2009-01-10 Thread William Stein

On Sat, Jan 10, 2009 at 9:22 AM, Jason Grout
 wrote:
>
> John H Palmieri wrote:
>> sage: timeit('set(S).issubset(set(T))')
>>
>> gives me very similar times to the first option (all(s in T for s in
>> S)).  So if I start with Sage sets, I don't seem to gain much by
>> converting back to python sets for this (not to mention that if S = Set
>> (ZZ), then set(S) runs into problems...).

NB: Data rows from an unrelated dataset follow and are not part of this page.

lemma openin_germ_image:
  assumes "g \<in> \<Gamma>" "openin X A"
  shows "openin (gtop \<G>) (germ \<Gamma> X g ` A)"
  unfolding gtop_Germ
  by (rule topology_generated_by_Basis, rule image_eqI[where x="(g, A)"]) (simp_all add: assms)

lemma topspace_Germ: "topspace (gtop \<G>) = garr \<G>"
proof -
  have "(\<Union>(g, A)\<in>\<Gamma> \<times> Collect (openin X). germ \<Gamma> X g ` A) = garr \<G>"
  proof (intro equalityI subsetI)
    fix c assume "c \<in> (\<Union>(g, A)\<in>\<Gamma> \<times> Collect (openin X). germ \<Gamma> X g ` A)"
    then obtain g A where "g \<in> \<Gamma>" "openin X A" "c \<in> germ \<Gamma> X g ` A" by blast
    then show "c \<in> garr \<G>" using openin_subset[of X A] by auto
  next
    fix c assume "c \<in> garr \<G>"
    then obtain g x where "g \<in> \<Gamma>" "x \<in> topspace X" "c = germ \<Gamma> X g x" by (rule garr_GermE)
    then show "c \<in> (\<Union>(g, A)\<in>\<Gamma> \<times> Collect (openin X). germ \<Gamma> X g ` A)"
      using openin_topspace[of X] by blast
  qed
  then show ?thesis unfolding gtop_Germ topology_generated_by_topspace by simp
qed

lemma germ_image_refine:
  assumes g1: "g1 \<in> \<Gamma>" and "g2 \<in> \<Gamma>" "openin X A1" "openin X A2"
    and c: "c \<in> germ \<Gamma> X g1 ` A1 \<inter> germ \<Gamma> X g2 ` A2"
  obtains A where "openin X A" "c \<in> germ \<Gamma> X g1 ` A"
    "germ \<Gamma> X g1 ` A \<subseteq> germ \<Gamma> X g1 ` A1 \<inter> germ \<Gamma> X g2 ` A2"
proof -
  obtain x x' where x: "x \<in> A1" "x' \<in> A2" "c = germ \<Gamma> X g1 x" "c = germ \<Gamma> X g2 x'"
    using c by blast
  moreover have "x \<in> topspace X" using x(1) openin_subset[OF assms(3)] by blast
  ultimately have "x = x'" "agree_near X g1 g2 x" using germ_eq_iff[OF g1] by metis+
  then obtain U where U: "openin X U" "x \<in> U" "\<forall>y\<in>U. g1 y = g2 y"
    unfolding agree_near_def by blast
  have "germ \<Gamma> X g1 y = germ \<Gamma> X g2 y" if "y \<in> A1 \<inter> A2 \<inter> U" for y
    using that U openin_subset[OF assms(3)] by (intro germ_eqI[OF g1] agree_nearI[OF U(1)]) auto
  then have "germ \<Gamma> X g1 ` (A1 \<inter> A2 \<inter> U) \<subseteq> germ \<Gamma> X g1 ` A1 \<inter> germ \<Gamma> X g2 ` A2"
    by auto
  moreover have "openin X (A1 \<inter> A2 \<inter> U)" using assms(3,4) U(1) by blast
  moreover have "c \<in> germ \<Gamma> X g1 ` (A1 \<inter> A2 \<inter> U)" using x \<open>x = x'\<close> U(2) by blast
  ultimately show ?thesis by (meson that)
qed

lemma openin_Germ_iff:
  "openin (gtop \<G>) W \<longleftrightarrow>
     (\<forall>c\<in>W. \<exists>g\<in>\<Gamma>. \<exists>A. openin X A \<and> c \<in> germ \<Gamma> X g ` A \<and> germ \<Gamma> X g ` A \<subseteq> W)"
proof -
  let ?B = "\<lambda>(g, A). germ \<Gamma> X g ` A"
  have refine: "\<exists>k\<in>\<Gamma> \<times> Collect (openin X). c \<in> ?B k \<and> ?B k \<subseteq> ?B i \<inter> ?B j"
    if ij: "i \<in> \<Gamma> \<times> Collect (openin X)" "j \<in> \<Gamma> \<times> Collect (openin X)"
      and c: "c \<in> ?B i \<inter> ?B j" for i j c
  proof -
    obtain g1 A1 g2 A2 where "i = (g1, A1)" "j = (g2, A2)" "g1 \<in> \<Gamma>" "g2 \<in> \<Gamma>"
      "openin X A1" "openin X A2"
      using ij by auto
    moreover obtain A where "openin X A" "c \<in> germ \<Gamma> X g1 ` A"
      "germ \<Gamma> X g1 ` A \<subseteq> germ \<Gamma> X g1 ` A1 \<inter> germ \<Gamma> X g2 ` A2"
      using germ_image_refine[of g1 g2 A1 A2 c] calculation c by auto
    ultimately show ?thesis by (intro bexI[of _ "(g1, A)"]) auto
  qed
  have "openin (gtop \<G>) W \<longleftrightarrow> (\<forall>c\<in>W. \<exists>k\<in>\<Gamma> \<times> Collect (openin X). c \<in> ?B k \<and> ?B k \<subseteq> W)"
    unfolding gtop_Germ by (rule openin_topology_generated_by_base[OF refine])
  then show ?thesis by simp
qed

lemma openin_GermE:
  assumes "openin (gtop \<G>) W" "c \<in> W"
  obtains g A where "g \<in> \<Gamma>" "openin X A" "c \<in> germ \<Gamma> X g ` A" "germ \<Gamma> X g ` A \<subseteq> W"
  using assms unfolding openin_Germ_iff by fast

The Sage enumerated Set type is just a light wrapper around Python's
"frozenset" type with more sage/mathematical semantics.  Just delegate
to that for implementing is_subset:

sage: X = Set([1..10])
sage: Y = Set([1..20])
sage: X._Set_object__object.issubset(Y._Set_object__object)
True
sage: Y._Set_object__object.issubset(X._Set_object__object)
False
sage: timeit('X._Set_object__object.issubset(Y._Set_object__object)')
625 loops, best of 3: 2.07 µs per loop
sage: X._Set_object__object
frozenset([1, 2, 3, 4, 5, 6, 7, 8, 9, 10])
sage: type(X)


In the actual code for is_subset, you'll have

self.__object

instead of self._Set_object__object, since of course the above example
uses the command line so __ methods are mangled.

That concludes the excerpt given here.